─── DATA SUPPLIED
(* Assume $0<c<1$ and let $b=\tfrac12-c$. For each $\delta>0$ there is an irreducible aperiodic Markov subsystem $T:\bigcup_{j=1}^mJ_j\to\mathbb T$ whose maximal invariant set contains $K_\delta:=\{x\in\mathbb T:d(T^nx,b)\ge\delta\ \forall n\ge0\}$ and does not contain $b$.
   Context: $\mathbb T=\mathbb R/\mathbb Z$, $Tx=2x\bmod1$, $d$ the usual distance on $\mathbb T$. A Markov subsystem $T:\bigcup_{j=1}^mJ_j\to\mathbb T$ is given by closed subintervals $J_1,\dots,J_m$ of $\mathbb T\setminus\{b\}$ with pairwise disjoint interiors such that $T|_{J_j}$ is a homeomorphism onto the subinterval $T(J_j)$ for each $j$, and for each $j,k$ either $T(J_j^o)\cap J_k^o=\emptyset$ or $T(J_j)\supset J_k$. Its maximal invariant set is $\bigcap_{n\ge1}T^{-n}(J_1\cup\dots\cup J_m)$ (intersected with $\bigcup_jJ_j$). It is irreducible if for all $j,k$ there are $j_0=j,j_1,\dots,j_s=k$ with $T(J_{j_i})\supset J_{j_{i+1}}$ for $0\le i<s$, and an irreducible one is aperiodic if there is $N\ge1$ such that for all $j,k$ there are $j_0=j,\dots,j_N=k$ with $T(J_{j_i})\supset J_{j_{i+1}}$ for $0\le i<N$. *)

theory Defs
  imports "HOL-Analysis.Analysis"
begin

text \<open>The circle T = R/Z is represented by the representatives in [0,1);
  the projection R -> T is frac.\<close>

definition circ :: "real set" where
  "circ = {0..<1}"

definition dbl :: "real \<Rightarrow> real" where
  "dbl x = frac (2 * x)"

definition dT :: "real \<Rightarrow> real \<Rightarrow> real" where
  "dT x y = min (frac (x - y)) (1 - frac (x - y))"

text \<open>Closed arc of T starting at (the image of) a with length l, and its interior
  (for 0 < l < 1 this is the interior in the circle topology).\<close>
definition arc :: "real \<Rightarrow> real \<Rightarrow> real set" where
  "arc a l = {frac t | t. a \<le> t \<and> t \<le> a + l}"

definition arc_open :: "real \<Rightarrow> real \<Rightarrow> real set" where
  "arc_open a l = {frac t | t. a < t \<and> t < a + l}"

definition is_closed_subinterval :: "real set \<Rightarrow> bool" where
  "is_closed_subinterval S \<longleftrightarrow> (\<exists>a l. 0 < l \<and> l < 1 \<and> S = arc a l)"

text \<open>Markov subsystem given by the m intervals J_j = arc (a j) (l j), j < m,
  contained in T minus {b}.  The homeomorphism condition of T restricted to J_j onto a
  subinterval is expressed as injectivity plus image being a closed subinterval
  (continuity of the doubling map on the circle is automatic, and a continuous
  bijection from a compact space to a Hausdorff space is a homeomorphism).\<close>
definition markov_subsystem :: "real \<Rightarrow> nat \<Rightarrow> (nat \<Rightarrow> real) \<Rightarrow> (nat \<Rightarrow> real) \<Rightarrow> bool" where
  "markov_subsystem b m a l \<longleftrightarrow>
     1 \<le> m \<and>
     (\<forall>j<m. 0 < l j \<and> l j < 1 \<and> b \<notin> arc (a j) (l j)) \<and>
     (\<forall>j<m. \<forall>k<m. j \<noteq> k \<longrightarrow> arc_open (a j) (l j) \<inter> arc_open (a k) (l k) = {}) \<and>
     (\<forall>j<m. inj_on dbl (arc (a j) (l j)) \<and> is_closed_subinterval (dbl ` arc (a j) (l j))) \<and>
     (\<forall>j<m. \<forall>k<m. dbl ` arc_open (a j) (l j) \<inter> arc_open (a k) (l k) = {}
                   \<or> arc (a k) (l k) \<subseteq> dbl ` arc (a j) (l j))"

definition trans_graph :: "nat \<Rightarrow> (nat \<Rightarrow> real) \<Rightarrow> (nat \<Rightarrow> real) \<Rightarrow> (nat \<times> nat) set" where
  "trans_graph m a l = {(j, k). j < m \<and> k < m \<and> arc (a k) (l k) \<subseteq> dbl ` arc (a j) (l j)}"

definition irreducible_ms :: "nat \<Rightarrow> (nat \<Rightarrow> real) \<Rightarrow> (nat \<Rightarrow> real) \<Rightarrow> bool" where
  "irreducible_ms m a l \<longleftrightarrow> (\<forall>j<m. \<forall>k<m. (j, k) \<in> (trans_graph m a l)\<^sup>*)"

definition aperiodic_ms :: "nat \<Rightarrow> (nat \<Rightarrow> real) \<Rightarrow> (nat \<Rightarrow> real) \<Rightarrow> bool" where
  "aperiodic_ms m a l \<longleftrightarrow>
     (\<exists>N\<ge>1. \<forall>j<m. \<forall>k<m. (j, k) \<in> (trans_graph m a l) ^^ N)"

definition max_inv_set :: "nat \<Rightarrow> (nat \<Rightarrow> real) \<Rightarrow> (nat \<Rightarrow> real) \<Rightarrow> real set" where
  "max_inv_set m a l = {x. \<forall>n. (dbl ^^ n) x \<in> (\<Union>j<m. arc (a j) (l j))}"

definition K_set :: "real \<Rightarrow> real \<Rightarrow> real set" where
  "K_set b \<delta> = {x \<in> circ. \<forall>n. dT ((dbl ^^ n) x) b \<ge> \<delta>}"

end

theory Submission
  imports Defs
begin

text \<open>
  Cut the circle into the \<open>M = 2^N\<close> dyadic cells \<open>[k/M, (k+1)/M]\<close>, join each cell to the two
  cells covered by its image under the doubling map, and delete the cells containing \<open>b\<close>.
  The orbit of a point of \<open>K_\<delta>\<close> is a walk in this pruned graph, and the Markov subsystem is
  the strongly connected component of a suitable hub cell \<open>h\<close>.  A cell of \<open>K_\<delta>\<close> reaches \<open>h\<close>
  through the point of the cell that lands after \<open>N\<close> steps on a point leading to \<open>h\<close>: it
  shadows the orbit of the \<open>K_\<delta>\<close> point and then approaches its landing point, and both stay
  away from \<open>b\<close>.  Symmetrically \<open>h\<close> reaches every cell of \<open>K_\<delta>\<close>.  For \<open>1/2 < b\<close> the hub is
  the cell of the fixed point \<open>0\<close>; the case \<open>b < 1/2\<close> follows by the symmetry \<open>x \<mapsto> -x\<close>,
  which commutes with the doubling map; for \<open>b = 0\<close> the hub is the cell of \<open>1/3\<close>, whose
  component also contains the 3-cycle of \<open>1/7\<close>, which gives aperiodicity.  Since \<open>0 < c < 1\<close>,
  \<open>b = 1/2 - c\<close> is never \<open>1/2\<close>.
\<close>

section \<open>The doubling map and the distance on the circle\<close>

lemma frac_two_mult_frac: "frac (2 * frac y) = frac (2 * y)" for y :: real
proof -
  have "2 * frac y = 2 * y + of_int (- 2 * \<lfloor>y\<rfloor>)" by (simp add: frac_def)
  then show ?thesis by (simp only: frac_add_of_int_right)
qed

lemma dbl_frac: "dbl (frac y) = frac (2 * y)"
  by (simp add: dbl_def frac_two_mult_frac)

lemma funpow_dbl_frac: "(dbl ^^ n) (frac x) = frac (2 ^ n * x)"
  by (induction n) (simp_all add: dbl_frac mult.assoc)

lemma funpow_dbl: "0 \<le> x \<Longrightarrow> x < 1 \<Longrightarrow> (dbl ^^ n) x = frac (2 ^ n * x)"
  using funpow_dbl_frac[of n x] by (simp add: frac_eq)

lemma funpow_dbl_range: "0 \<le> x \<Longrightarrow> x < 1 \<Longrightarrow> 0 \<le> (dbl ^^ n) x \<and> (dbl ^^ n) x < 1"
  by (simp add: funpow_dbl frac_lt_1)

lemma funpow_dbl_zero: "(dbl ^^ n) 0 = 0"
  by (induction n) (simp_all add: dbl_def)

lemma funpow_dbl_frac_neg: "(dbl ^^ n) (frac (- x)) = frac (- (dbl ^^ n) x)"
proof (induction n)
  case (Suc n)
  have "dbl (frac (- y)) = frac (- dbl y)" for y
    unfolding dbl_frac by (simp add: dbl_def frac_neg_frac)
  with Suc show ?case by simp
qed simp

lemma dT_le: "dT x y \<le> \<bar>x - y - of_int k\<bar>"
proof -
  define d where "d = x - y"
  have d: "of_int \<lfloor>d\<rfloor> \<le> d" "d < of_int \<lfloor>d\<rfloor> + 1" by linarith+
  have "frac d \<le> \<bar>d - of_int k\<bar> \<or> 1 - frac d \<le> \<bar>d - of_int k\<bar>"
  proof (cases "k \<le> \<lfloor>d\<rfloor>")
    case True
    then have "real_of_int k \<le> of_int \<lfloor>d\<rfloor>" by simp
    with d show ?thesis unfolding frac_def by linarith
  next
    case False
    then have "real_of_int \<lfloor>d\<rfloor> + 1 \<le> of_int k" by linarith
    with d show ?thesis unfolding frac_def by linarith
  qed
  then show ?thesis by (auto simp: dT_def d_def)
qed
──────
PROBLEM TO SOLVE: In the records, find every line that has the string "definition" and copy it.

SOLUTION TO THE PROBLEM:
definition circ :: "real set" where
definition dbl :: "real \<Rightarrow> real" where
definition dT :: "real \<Rightarrow> real \<Rightarrow> real" where
definition arc :: "real \<Rightarrow> real \<Rightarrow> real set" where
definition arc_open :: "real \<Rightarrow> real \<Rightarrow> real set" where
definition is_closed_subinterval :: "real set \<Rightarrow> bool" where
definition markov_subsystem :: "real \<Rightarrow> nat \<Rightarrow> (nat \<Rightarrow> real) \<Rightarrow> (nat \<Rightarrow> real) \<Rightarrow> bool" where
definition trans_graph :: "nat \<Rightarrow> (nat \<Rightarrow> real) \<Rightarrow> (nat \<Rightarrow> real) \<Rightarrow> (nat \<times> nat) set" where
definition irreducible_ms :: "nat \<Rightarrow> (nat \<Rightarrow> real) \<Rightarrow> (nat \<Rightarrow> real) \<Rightarrow> bool" where
definition aperiodic_ms :: "nat \<Rightarrow> (nat \<Rightarrow> real) \<Rightarrow> (nat \<Rightarrow> real) \<Rightarrow> bool" where
definition max_inv_set :: "nat \<Rightarrow> (nat \<Rightarrow> real) \<Rightarrow> (nat \<Rightarrow> real) \<Rightarrow> real set" where
definition K_set :: "real \<Rightarrow> real \<Rightarrow> real set" where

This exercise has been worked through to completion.